[[ PROVIDED RECORDS, beginning ]]

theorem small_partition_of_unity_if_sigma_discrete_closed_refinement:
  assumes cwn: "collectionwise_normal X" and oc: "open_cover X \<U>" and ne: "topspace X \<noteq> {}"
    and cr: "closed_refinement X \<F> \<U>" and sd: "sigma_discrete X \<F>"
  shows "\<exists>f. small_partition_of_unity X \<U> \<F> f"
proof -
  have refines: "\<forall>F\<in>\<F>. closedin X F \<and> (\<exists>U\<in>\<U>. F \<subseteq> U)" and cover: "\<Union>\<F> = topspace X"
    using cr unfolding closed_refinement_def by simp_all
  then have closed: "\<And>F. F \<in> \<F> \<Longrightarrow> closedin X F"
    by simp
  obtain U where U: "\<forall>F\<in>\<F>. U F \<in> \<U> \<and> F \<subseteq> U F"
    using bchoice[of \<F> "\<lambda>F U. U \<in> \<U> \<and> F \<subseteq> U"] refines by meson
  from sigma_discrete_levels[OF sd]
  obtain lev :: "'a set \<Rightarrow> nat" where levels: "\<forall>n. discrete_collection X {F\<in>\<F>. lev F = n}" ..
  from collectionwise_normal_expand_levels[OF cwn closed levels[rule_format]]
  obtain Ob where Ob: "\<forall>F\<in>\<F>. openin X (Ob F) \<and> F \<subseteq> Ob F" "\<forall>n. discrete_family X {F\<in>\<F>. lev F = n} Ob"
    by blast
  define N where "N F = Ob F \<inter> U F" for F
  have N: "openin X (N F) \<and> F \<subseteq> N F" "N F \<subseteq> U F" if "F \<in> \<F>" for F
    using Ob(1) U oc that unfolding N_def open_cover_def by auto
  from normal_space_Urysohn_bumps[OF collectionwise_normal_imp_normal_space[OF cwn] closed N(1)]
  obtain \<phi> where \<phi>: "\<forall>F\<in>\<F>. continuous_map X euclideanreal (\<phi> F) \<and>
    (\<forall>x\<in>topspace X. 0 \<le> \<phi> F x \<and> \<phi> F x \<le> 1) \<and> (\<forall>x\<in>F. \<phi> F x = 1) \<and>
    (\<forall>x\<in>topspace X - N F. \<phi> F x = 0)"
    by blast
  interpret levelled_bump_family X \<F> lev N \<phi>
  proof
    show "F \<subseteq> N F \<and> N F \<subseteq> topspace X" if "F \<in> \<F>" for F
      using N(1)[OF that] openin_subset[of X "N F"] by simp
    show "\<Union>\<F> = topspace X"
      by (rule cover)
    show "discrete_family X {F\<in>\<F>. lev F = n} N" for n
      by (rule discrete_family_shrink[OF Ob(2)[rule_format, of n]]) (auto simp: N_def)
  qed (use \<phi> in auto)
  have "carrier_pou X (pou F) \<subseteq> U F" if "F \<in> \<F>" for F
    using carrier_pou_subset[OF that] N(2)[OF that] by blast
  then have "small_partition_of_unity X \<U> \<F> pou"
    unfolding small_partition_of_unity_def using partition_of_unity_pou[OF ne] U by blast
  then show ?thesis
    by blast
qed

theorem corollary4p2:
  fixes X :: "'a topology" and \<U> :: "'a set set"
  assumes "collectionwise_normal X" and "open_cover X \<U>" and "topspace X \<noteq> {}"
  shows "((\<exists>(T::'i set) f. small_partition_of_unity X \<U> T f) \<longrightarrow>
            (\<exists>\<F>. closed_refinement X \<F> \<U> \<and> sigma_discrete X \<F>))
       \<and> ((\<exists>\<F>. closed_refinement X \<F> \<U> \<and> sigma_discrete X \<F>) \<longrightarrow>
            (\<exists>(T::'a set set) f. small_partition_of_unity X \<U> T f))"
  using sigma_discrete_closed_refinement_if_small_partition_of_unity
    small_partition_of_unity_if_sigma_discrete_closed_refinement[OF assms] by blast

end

[[ PROVIDED RECORDS, end ]]

▶ **WORK INSTRUCTION**:
Transcribe every record above exactly as it appears.

▶ **RESPONSE BOX**:
theorem small_partition_of_unity_if_sigma_discrete_closed_refinement:
  assumes cwn: "collectionwise_normal X" and oc: "open_cover X \<U>" and ne: "topspace X \<noteq> {}"
    and cr: "closed_refinement X \<F> \<U>" and sd: "sigma_discrete X \<F>"
  shows "\<exists>f. small_partition_of_unity X \<U> \<F> f"
proof -
  have refines: "\<forall>F\<in>\<F>. closedin X F \<and> (\<exists>U\<in>\<U>. F \<subseteq> U)" and cover: "\<Union>\<F> = topspace X"
    using cr unfolding closed_refinement_def by simp_all
  then have closed: "\<And>F. F \<in> \<F> \<Longrightarrow> closedin X F"
    by simp
  obtain U where U: "\<forall>F\<in>\<F>. U F \<in> \<U> \<and> F \<subseteq> U F"
    using bchoice[of \<F> "\<lambda>F U. U \<in> \<U> \<and> F \<subseteq> U"] refines by meson
  from sigma_discrete_levels[OF sd]
  obtain lev :: "'a set \<Rightarrow> nat" where levels: "\<forall>n. discrete_collection X {F\<in>\<F>. lev F = n}" ..
  from collectionwise_normal_expand_levels[OF cwn closed levels[rule_format]]
  obtain Ob where Ob: "\<forall>F\<in>\<F>. openin X (Ob F) \<and> F \<subseteq> Ob F" "\<forall>n. discrete_family X {F\<in>\<F>. lev F = n} Ob"
    by blast
  define N where "N F = Ob F \<inter> U F" for F
  have N: "openin X (N F) \<and> F \<subseteq> N F" "N F \<subseteq> U F" if "F \<in> \<F>" for F
    using Ob(1) U oc that unfolding N_def open_cover_def by auto
  from normal_space_Urysohn_bumps[OF collectionwise_normal_imp_normal_space[OF cwn] closed N(1)]
  obtain \<phi> where \<phi>: "\<forall>F\<in>\<F>. continuous_map X euclideanreal (\<phi> F) \<and>
    (\<forall>x\<in>topspace X. 0 \<le> \<phi> F x \<and> \<phi> F x \<le> 1) \<and> (\<forall>x\<in>F. \<phi> F x = 1) \<and>
    (\<forall>x\<in>topspace X - N F. \<phi> F x = 0)"
    by blast
  interpret levelled_bump_family X \<F> lev N \<phi>
  proof
    show "F \<subseteq> N F \<and> N F \<subseteq> topspace X" if "F \<in> \<F>" for F
      using N(1)[OF that] openin_subset[of X "N F"] by simp
    show "\<Union>\<F> = topspace X"
      by (rule cover)
    show "discrete_family X {F\<in>\<F>. lev F = n} N" for n
      by (rule discrete_family_shrink[OF Ob(2)[rule_format, of n]]) (auto simp: N_def)
  qed (use \<phi> in auto)
  have "carrier_pou X (pou F) \<subseteq> U F" if "F \<in> \<F>" for F
    using carrier_pou_subset[OF that] N(2)[OF that] by blast
  then have "small_partition_of_unity X \<U> \<F> pou"
    unfolding small_partition_of_unity_def using partition_of_unity_pou[OF ne] U by blast
  then show ?thesis
    by blast
qed

theorem corollary4p2:
  fixes X :: "'a topology" and \<U> :: "'a set set"
  assumes "collectionwise_normal X" and "open_cover X \<U>" and "topspace X \<noteq> {}"
  shows "((\<exists>(T::'i set) f. small_partition_of_unity X \<U> T f) \<longrightarrow>
            (\<exists>\<F>. closed_refinement X \<F> \<U> \<and> sigma_discrete X \<F>))
       \<and> ((\<exists>\<F>. closed_refinement X \<F> \<U> \<and> sigma_discrete X \<F>) \<longrightarrow>
            (\<exists>(T::'a set set) f. small_partition_of_unity X \<U> T f))"
  using sigma_discrete_closed_refinement_if_small_partition_of_unity
    small_partition_of_unity_if_sigma_discrete_closed_refinement[OF assms] by blast

end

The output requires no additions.